Ingrid also needs new winter boots. She’s short for her age but her feet are size 36/37 so she’s graduated from children’s shoes to the women’s department.

Ingrid had a mini birthday party with her best friends. Pizza, board games and a movie. And cake and a candle.

I feel like a broken record but… she really is growing up. This was such a big girl birthday party.

But the girls did also have fiskdamm, full of nostalgia and “oh I haven’t done this for years!”

Fiskdamm (“fishpond”) is a Swedish party game for young kids, very common at birthday parties. Each child gets to hold a fishing rod and go fishing over a sheet or a blanket which has been hung up in a door frame. An adult sits on the other side and attaches a goody bag to the fishing “hook”. Or they first attach something else, such as a sock, which the kid then throws back before making a new attempt.

Grade six means more homework than ever, and grades.

Ingrid is pretty stressed out by the whole grading thing. Back in my days, we got graded from day 1 so it was just the way things were. Now grading in the early years is “not done”, in Sweden at least, so when the kids do start getting grades, it’s a big deal. I am looking forward to Christmas and the end of the autumn school term, so that Ingrid can get her grades and realize that (a) she will get good ones and (b) if and when she doesn’t, it’s not the end of the world.

Back from scout meet.

Six pacman-shaped spider eyes and a multitude of viciously sharp teeth.

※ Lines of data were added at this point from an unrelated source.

(* Let $r\ge2$ and let $F$ be an $r$-critical graph with $f$ vertices. There exists a constant $\zeta_F$ such that the following holds for all $\delta>0$ and all $n>n_0(\delta,F)$. Let $(n'_1,\dots,n'_r)$ be nonnegative integers with $\sum_i n'_i=n$, $|n'_i-n'_j|\le1$ for all $i,j$, and $c(n'_1,\dots,n'_r;F)=c(n,F)$. Let $n_1+\dots+n_r=n$ be nonnegative integers, $a_i=n_i-n'_i$ and $M=\max\{|a_i|: i\in[r]\}$. If $M<\delta n$, then \[ c(n,F)-c(n_1,\dots,n_r;F)=\zeta_F a_1 n^{f-3}+O(M^2n^{f-4}),\] where the implied constant depends only on $F$.
   Context: A graph $F$ is $r$-critical if $\chi(F)=r+1$ and $F$ contains an edge $e$ with $\chi(F-e)=r$. For disjoint sets $V_1,\dots,V_r$ with $|V_i|=n_i$, $K(V_1,\dots,V_r)$ denotes the complete $r$-partite graph with these parts, and $c(n_1,\dots,n_r;F)$ is the number of subgraphs isomorphic to $F$ in the graph obtained from $K(V_1,\dots,V_r)$ by adding one edge inside $V_1$. $c(n,F)$ is the minimum number of subgraphs isomorphic to $F$ in a graph obtained from the Turán graph $T_r(n)$ (complete $r$-partite graph on $n$ vertices with parts of sizes $\lfloor n/r\rfloor$ or $\lceil n/r\rceil$) by adding one edge. *)

theory Defs
  imports Complex_Main
begin

definition is_graph :: "'v set \<Rightarrow> 'v set set \<Rightarrow> bool" where
  "is_graph V E \<longleftrightarrow> finite V \<and> (\<forall>e\<in>E. \<exists>u v. u \<in> V \<and> v \<in> V \<and> u \<noteq> v \<and> e = {u, v})"

definition colorable :: "'v set \<Rightarrow> 'v set set \<Rightarrow> nat \<Rightarrow> bool" where
  "colorable V E k \<longleftrightarrow> (\<exists>c :: 'v \<Rightarrow> nat. (\<forall>v\<in>V. c v < k) \<and>
      (\<forall>u v. {u, v} \<in> E \<and> u \<noteq> v \<longrightarrow> c u \<noteq> c v))"

definition chromatic_number :: "'v set \<Rightarrow> 'v set set \<Rightarrow> nat" where
  "chromatic_number V E = (LEAST k. colorable V E k)"

definition r_critical :: "nat \<Rightarrow> 'v set \<Rightarrow> 'v set set \<Rightarrow> bool" where
  "r_critical r V E \<longleftrightarrow> chromatic_number V E = r + 1 \<and>
      (\<exists>e\<in>E. chromatic_number V (E - {e}) = r)"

Sweden has adopted Halloween with enthusiasm, but some parts are more popular than others. Trick-or-treating is very widespread; carving jack-o-lanterns not so much. The kids and I really enjoy it though, so we do it every year.

The supermarket has “Halloween pumpkins” but the choice this year was unusually narrow, and we had to make do with weird pumpkins. Mine was oval; Ingrid’s had a hole in it.

Every year I’m somewhat surprised that the kids come through the carving process without cutting themselves or anything else (apart from the pumpkin).

Ingrid at her desk.

Ingrid is preparing for a major history test, covering the era of the Swedish Empire. She is constructing a timeline across four A4 sheets of paper, with drawings symbolizing major events – births and crownings and deaths and wars and peace treaties and such.

Ingrid on her way to a scout hike.

She moved up to the next age group as of this autumn. Bigger scouts have bigger hikes. Ingrid’s previous hikes have involved maybe a few kilometres of trekking, and staying in a hut of some sort. This time the scouts will be sleeping under tarps – that they will be carrying, along with food and stoves and water. Her new pack that we bought for this hike (the old one was hopelessly undersized) is almost as large as mine! The kids will be out for two nights instead of one. And they will be spending most of the day between those nights walking. I foresee picking up a very tired girl on Sunday.

Ingrid is programming a game in Scratch. It doesn’t always behave the way she wants. How well I recognize the feeling that I see on her face.